Her Story: A Triptych by Sarah Freligh

1: Father

Four nights straight the stranger sits in her section paying for cans of Pabst from a pile of tens. Friday night, they park at the reservoir and pass a silver flask, make bets on what’s Mars or stars. Next morning, he’s long gone, along with her purse full of tips and a new pair of panty hose.

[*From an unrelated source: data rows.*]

definition expected :: "'v sgame \<Rightarrow> ('v stream \<Rightarrow> real) \<Rightarrow> ('v list \<Rightarrow> 'v) \<Rightarrow> ('v list \<Rightarrow> 'v) \<Rightarrow> 'v \<Rightarrow> real" where
  "expected G \<phi> \<sigma>1 \<sigma>2 v = integral\<^sup>L (play_measure G \<sigma>1 \<sigma>2 v) \<phi>"

definition game_value :: "'v sgame \<Rightarrow> ('v stream \<Rightarrow> real) \<Rightarrow> 'v \<Rightarrow> real" where
  "game_value G \<phi> v =
     (SUP \<sigma>1\<in>strategies G (gV1 G). INF \<sigma>2\<in>strategies G (gV2 G). expected G \<phi> \<sigma>1 \<sigma>2 v)"

definition objective :: "'v sgame \<Rightarrow> ('v stream \<Rightarrow> real) \<Rightarrow> bool" where
  "objective G \<phi> \<longleftrightarrow> \<phi> \<in> borel_measurable (stream_space (count_space UNIV))"

definition bounded_obj :: "'v sgame \<Rightarrow> ('v stream \<Rightarrow> real) \<Rightarrow> bool" where
  "bounded_obj G \<phi> \<longleftrightarrow> (\<exists>W::int. \<forall>s. is_play G s \<longrightarrow> \<bar>\<phi> s\<bar> \<le> of_int W)"

definition prefix_independent :: "'v sgame \<Rightarrow> ('v stream \<Rightarrow> real) \<Rightarrow> bool" where
  "prefix_independent G \<phi> \<longleftrightarrow>
     (\<forall>s t i j. is_play G s \<and> is_play G t \<and> sdrop i s = sdrop j t \<longrightarrow> \<phi> s = \<phi> t)"

definition value_classes :: "'v sgame \<Rightarrow> ('v \<Rightarrow> real) \<Rightarrow> 'v set set" where
  "value_classes G r = {{u \<in> gV G. r u = r v} | v. v \<in> gV G}"

definition boundary_vertex :: "'v sgame \<Rightarrow> 'v set \<Rightarrow> 'v \<Rightarrow> bool" where
  "boundary_vertex G C v \<longleftrightarrow> v \<in> C \<and> v \<in> gVP G \<and> \<not> succs G v \<subseteq> C"

end

theory Submission
  imports Defs
begin

(* Multiplying by alpha clears all
   denominators of the p_{i,j}, so alpha (I - Q_B) is an integer matrix, and with D the product of
   denominators q_j <= B0 of the values in r_C also D alpha Q_C r_C is an integer vector.  Expanding
   the determinant along the replaced column shows D N_i is an integer, so the denominator of N_i
   divides D <= B0^(k-m); finally k - m <= k <= |V| since distinct classes have distinct representatives. *)

lemma quotient_of_denom_dvd:
  assumes "x = of_int n / of_int d" "0 < d"
  shows "snd (quotient_of x) dvd d"
proof -
  obtain a b where ab: "quotient_of x = (a, b)" by (cases "quotient_of x") auto
  have "b > 0" using quotient_of_denom_pos[OF ab] .
  with assms have "of_int (a * d) = (of_int (n * b) :: rat)"
    using quotient_of_div[OF ab] by (simp add: field_simps)
  then have "b dvd a * d" by (metis dvd_triv_right of_int_eq_iff)
  with quotient_of_coprime[OF ab] have "b dvd d"
    by (simp add: coprime_commute coprime_dvd_mult_right_iff)
  with ab show ?thesis by simp
qed

lemma of_int_mult_of_rat_in_Ints:
  assumes "snd (quotient_of x) dvd N"
  shows "(of_int N * of_rat x :: 'a :: field_char_0) \<in> \<int>"
proof -
  obtain a b where ab: "quotient_of x = (a, b)" by (cases "quotient_of x") auto
  obtain t where "N = b * t" using assms ab by (auto elim: dvdE)
  with quotient_of_denom_pos[OF ab] have "of_int N * x = of_int (a * t)"
    using quotient_of_div[OF ab] by (simp add: field_simps)
  then have "of_int N * of_rat x = (of_int (a * t) :: 'a)"
    by (metis of_rat_mult of_rat_of_int_eq)
  then show ?thesis by simp
qed

lemma common_denominator_le_power:
  fixes r :: "'a \<Rightarrow> 'b :: field_char_0" and B :: int
  assumes "finite J" and "\<forall>j\<in>J. \<exists>p q::int. 0 < q \<and> q \<le> B \<and> r j = of_int p / of_int q"
  obtains D :: int where "0 < D" "D \<le> B ^ card J" "\<And>j. j \<in> J \<Longrightarrow> of_int D * r j \<in> \<int>"
proof -
  obtain P Q where PQ: "\<And>j. j \<in> J \<Longrightarrow> 0 < Q j \<and> Q j \<le> B \<and> r j = of_int (P j) / of_int (Q j)"
    using assms(2) by metis
  define D where "D = (\<Prod>j\<in>J. Q j)"
  have "0 < D" unfolding D_def using PQ by (intro prod_pos) auto
  moreover have "D \<le> B ^ card J"
  proof -
    have "D \<le> (\<Prod>j\<in>J. B)"
      unfolding D_def using PQ by (intro prod_mono) (auto simp: less_imp_le)
    then show ?thesis by simp
  qed
  moreover have "of_int D * r j \<in> \<int>" if j: "j \<in> J" for j
  proof -
    have "D = Q j * (\<Prod>j'\<in>J - {j}. Q j')"
      unfolding D_def using assms(1) j by (simp add: prod.remove)
    with PQ[OF j] have "of_int D * r j = of_int (P j * (\<Prod>j'\<in>J - {j}. Q j'))"
      by simp
    then show ?thesis by (simp only: Ints_of_int)
  qed
  ultimately show thesis by (rule that)
qed

lemma det_in_Ints:
  fixes A :: "'a :: comm_ring_1 mat"
  assumes "A \<in> carrier_mat n n" and "\<And>a b. a < n \<Longrightarrow> b < n \<Longrightarrow> A $$ (a, b) \<in> \<int>"
  shows "det A \<in> \<int>"
proof -
  have "signof p * (\<Prod>a = 0..<n. A $$ (a, p a)) \<in> \<int>" if "p permutes {0..<n}" for p
    using assms(2) permutes_in_image[OF that]
    by (intro Ints_mult Ints_prod) (auto simp: sign_def)
  then show ?thesis
    using assms(1) unfolding det_def by (auto intro: Ints_sum)
qed

lemma det_replace_col_zero:
  assumes "A \<in> carrier_mat n n" and "i < n"
  shows "det (replace_col A (0\<^sub>v n) i) = 0"
proof -
  have "A *\<^sub>v 0\<^sub>v n = 0\<^sub>v n"
    using assms(1) by (intro eq_vecI) (auto simp: scalar_prod_def)
  then show ?thesis
    using cramer_lemma_mat[OF assms(1) zero_carrier_vec assms(2)] assms(2) by simp
qed

lemma det_replace_col_mult_in_Ints:
  fixes A :: "'a :: comm_ring_1 mat" and c :: "'a Matrix.vec"
  assumes A: "A \<in> carrier_mat n n" and i: "i < n"
    and A_Ints: "\<And>a b. a < n \<Longrightarrow> b < n \<Longrightarrow> A $$ (a, b) \<in> \<int>"
    and c_Ints: "\<And>a. a < n \<Longrightarrow> D * c $ a \<in> \<int>"
  shows "D * det (replace_col A c i) \<in> \<int>"
proof -
  let ?M = "replace_col A c i"
  have M: "?M \<in> carrier_mat n n" using A by (auto simp: replace_col_def)
  have cofactor_Ints: "cofactor ?M a i \<in> \<int>" if "a < n" for a
    unfolding cofactor_def using A i A_Ints
    by (intro Ints_mult det_in_Ints[where n = "n - 1"])
       (auto simp: mat_delete_def replace_col_def)
  have "D * det ?M = D * (\<Sum>a<n. ?M $$ (a, i) * cofactor ?M a i)"
    by (simp only: laplace_expansion_column[OF M i])
  also have "\<dots> = (\<Sum>a<n. (D * c $ a) * cofactor ?M a i)"
    using A i by (simp add: sum_distrib_left replace_col_def mult.assoc)
  also have "\<dots> \<in> \<int>"
    using c_Ints cofactor_Ints by (auto intro: Ints_sum Ints_mult)
  finally show ?thesis .
qed

lemma det_replace_col_rational:
  fixes A :: "'a :: field_char_0 mat" and c :: "'a Matrix.vec"
  assumes "A \<in> carrier_mat n n" and "i < n" and "0 < D"
    and "\<And>a b. a < n \<Longrightarrow> b < n \<Longrightarrow> A $$ (a, b) \<in> \<int>"
    and "\<And>a. a < n \<Longrightarrow> of_int D * c $ a \<in> \<int>"
  shows "\<exists>x. det (replace_col A c i) = of_rat x \<and> snd (quotient_of x) dvd D"
proof -
  obtain z where z: "of_int D * det (replace_col A c i) = of_int z"
    using det_replace_col_mult_in_Ints[OF assms(1,2,4,5)] by (auto elim: Ints_cases)
  define x where "x = (of_int z / of_int D :: rat)"
  have "det (replace_col A c i) = of_rat x"
    unfolding x_def using z \<open>0 < D\<close> by (simp add: of_rat_divide field_simps)
  moreover have "snd (quotient_of x) dvd D"
    using quotient_of_denom_dvd[OF x_def \<open>0 < D\<close>] .
  ultimately show ?thesis by blast
qed

lemma card_value_classes_le:
  assumes "finite (gV G)"
  shows "card (value_classes G r) \<le> card (gV G)"
proof -
  have "value_classes G r = (\<lambda>v. {u \<in> gV G. r u = r v}) ` gV G"
    unfolding value_classes_def by auto
  then show ?thesis using card_image_le[OF assms] by simp
qed

lemma scaled_system_cramer_numerator_denom_dvd:
  fixes p :: "nat \<Rightarrow> nat \<Rightarrow> rat" and r :: "nat \<Rightarrow> 'a :: field_char_0" and \<alpha> D :: int
  assumes A_def: "A = mat m m (\<lambda>(a, b). of_int \<alpha> *
               ((if a = b then 1 else 0) - of_rat (p (a + 1) (b + 1))))"
    and c_def: "c = vec m (\<lambda>a. of_int \<alpha> * (\<Sum>j\<in>{m+1..k}. of_rat (p (a + 1) j) * r j))"
    and "0 < D" and "i < m"
    and \<alpha>_dvd: "\<And>a j. a \<in> {1..m} \<Longrightarrow> j \<in> {1..k} \<Longrightarrow> snd (quotient_of (p a j)) dvd \<alpha>"
    and D_r: "\<And>j. j \<in> {m+1..k} \<Longrightarrow> of_int D * r j \<in> \<int>"
  shows "\<exists>x. det (replace_col A c i) = of_rat x \<and> snd (quotient_of x) dvd D"
proof (cases "m \<le> k")
  case True
  have A: "A \<in> carrier_mat m m" unfolding A_def by simp
  have \<alpha>_p: "of_int \<alpha> * (of_rat (p a j) :: 'a) \<in> \<int>" if "a \<in> {1..m}" "j \<in> {1..k}" for a j
    using \<alpha>_dvd[OF that] by (rule of_int_mult_of_rat_in_Ints)
  have "A $$ (a, b) \<in> \<int>" if "a < m" "b < m" for a b
    using that True \<alpha>_p[of "a + 1" "b + 1"]
    by (auto simp: A_def right_diff_distrib intro: Ints_diff)
  moreover have "of_int D * c $ a \<in> \<int>" if "a < m" for a
  proof -
    have "of_int D * c $ a =
        (\<Sum>j\<in>{m+1..k}. (of_int \<alpha> * of_rat (p (a + 1) j)) * (of_int D * r j))"
      unfolding c_def using that by (simp add: sum_distrib_left ac_simps)
    also have "\<dots> \<in> \<int>"
      by (rule Ints_sum, rule Ints_mult) (use that D_r \<alpha>_p in auto)
    finally show ?thesis .
  qed
  ultimately show ?thesis by (rule det_replace_col_rational[OF A \<open>i < m\<close> \<open>0 < D\<close>])
next
  case False
  (* alpha need not clear the denominators of the columns of A beyond k, but c vanishes *)
  then have "c = 0\<^sub>v m" unfolding c_def by auto
  moreover have "A \<in> carrier_mat m m" unfolding A_def by simp
  ultimately show ?thesis using det_replace_col_zero \<open>i < m\<close> by (intro exI[of _ 0]) auto
qed

theorem proposition14:
  fixes G :: "'v sgame" and \<phi> :: "'v stream \<Rightarrow> real"
    and k m :: nat and C :: "nat \<Rightarrow> 'v set" and rbar :: "nat \<Rightarrow> real"
    and B0 :: int and u :: "nat \<Rightarrow> 'v"
  assumes G: "wf_sgame G"
    and obj: "objective G \<phi>" and bnd: "bounded_obj G \<phi>" and pind: "prefix_independent G \<phi>"
    and m1: "1 \<le> m"
    and C_bij: "bij_betw C {1..k} (value_classes G (game_value G \<phi>))"
    and rbar_val: "\<forall>i\<in>{1..k}. \<forall>v\<in>C i. rbar i = game_value G \<phi> v"
    and bdry: "\<forall>i\<in>{1..k}. (\<exists>v. boundary_vertex G (C i) v) \<longleftrightarrow> i \<le> m"
    and incB: "strict_mono_on {1..m} rbar"
    and incC: "strict_mono_on {m+1..k} rbar"
    and B0: "0 < B0"
    and ratC: "\<forall>j\<in>{m+1..k}. \<exists>p q::int. 0 < q \<and> q \<le> B0 \<and> rbar j = of_int p / of_int q"
    and u: "\<forall>i\<in>{1..m}. boundary_vertex G (C i) (u i)"
  shows
    "let p = (\<lambda>i j. \<Sum>v'\<in>succs G (u i) \<inter> C j. gdelta G (u i) v');
         \<alpha> = Lcm {snd (quotient_of (p i j)) | i j. i \<in> {1..m} \<and> j \<in> {1..k}};
         A = mat m m (\<lambda>(a, b). real_of_int \<alpha> *
               ((if a = b then 1 else 0) - real_of_rat (p (a + 1) (b + 1))));
         c = vec m (\<lambda>a. real_of_int \<alpha> *
               (\<Sum>j\<in>{m+1..k}. real_of_rat (p (a + 1) j) * rbar j));
         N = (\<lambda>i. det (replace_col A c (i - 1)))
     in \<forall>i\<in>{1..m}. \<exists>x::rat. N i = real_of_rat x \<and>
           snd (quotient_of x) \<le> B0 ^ (k - m) \<and> B0 ^ (k - m) \<le> B0 ^ card (gV G)"
proof -
  define p where "p = (\<lambda>i j. \<Sum>v'\<in>succs G (u i) \<inter> C j. gdelta G (u i) v')"
  define \<alpha> where "\<alpha> = Lcm {snd (quotient_of (p i j)) | i j. i \<in> {1..m} \<and> j \<in> {1..k}}"
  define A where "A = mat m m (\<lambda>(a, b). real_of_int \<alpha> *
               ((if a = b then 1 else 0) - real_of_rat (p (a + 1) (b + 1))))"
  define c where "c = vec m (\<lambda>a. real_of_int \<alpha> *
               (\<Sum>j\<in>{m+1..k}. real_of_rat (p (a + 1) j) * rbar j))"
  have \<alpha>_dvd: "snd (quotient_of (p a j)) dvd \<alpha>" if "a \<in> {1..m}" "j \<in> {1..k}" for a j
    unfolding \<alpha>_def by (rule dvd_Lcm) (use that in blast)
  obtain D where D: "0 < D" "D \<le> B0 ^ (k - m)"
    and D_rbar: "\<And>j. j \<in> {m+1..k} \<Longrightarrow> of_int D * rbar j \<in> \<int>"
    using common_denominator_le_power[OF _ ratC] by auto
  have "\<exists>x. det (replace_col A c (i - 1)) = of_rat x \<and> snd (quotient_of x) \<le> B0 ^ (k - m)"
    if i: "i \<in> {1..m}" for i
  proof -
    from i have "i - 1 < m" by auto
    then obtain x where "det (replace_col A c (i - 1)) = of_rat x" "snd (quotient_of x) dvd D"
      using scaled_system_cramer_numerator_denom_dvd[OF A_def c_def \<open>0 < D\<close> _ \<alpha>_dvd D_rbar]
      by blast
    with D show ?thesis by (meson order_trans zdvd_imp_le)
  qed
  moreover have "k \<le> card (gV G)"
    using bij_betw_same_card[OF C_bij] card_value_classes_le G by (auto simp: wf_sgame_def)
  then have "B0 ^ (k - m) \<le> B0 ^ card (gV G)"
    using B0 by (intro power_increasing) auto
  ultimately show ?thesis
    unfolding Let_def p_def[symmetric] \<alpha>_def[symmetric] A_def[symmetric] c_def[symmetric]
    by blast
qed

No to the mug shots, not him or him. She bets Vegas or maybe Miami, a yacht at sunset. He’s all about the full moon, a fat yellow lollypop, enough howl to last a lifetime. Every damn dog will answer to his name.

2: Therapy

Always November in these drawings. Always trees with no leaves, a row of stick figures, a father/mother/brother/dog lined up and smiling along an imaginary sidewalk bordered by imaginary daisies. Always a curl of smoke from the chimney of the imaginary fireplace where your mother left you alone with Ed or Ralph or Ben or any of the many men she asked you to call uncle even as you imagined the stray spark that would leap and catch and burn down the house and the yard and the whole goddamned world.

But where are the windows, your therapist says? The door?

 3: Understand, Too, Why I Purr in My Sleep

Your daddy was an alley cat, my mother used to say. The story she’d get around to telling me when the ice in her glass paled the whiskey she was drinking. When the sun was long gone, when a swaddle of moths made a speckled mess of the porch light. Instead of a story, she blew smoke rings, perfect little wreaths that I’d shred with a finger.

In her silence, I heard how, when spring yowled, my father had to chase the feral air.

Understand that this is why I chin you all over until I make you my smell.

 

Sarah Freligh is the author of Sad Math, winner of the 2014 Moon City Press Poetry Prize and the 2015 Whirling Prize from the University of Indianapolis. Recent work has appeared in Cincinnati Review, SmokeLong Quarterly, and in the anthology New Microfiction: Exceptionally Short Stories (W.W. Norton, 2018). Among her awards are a 2009 poetry fellowship from the National Endowment for the Arts and a grant from the Constance Saltonstall Foundation in 2006.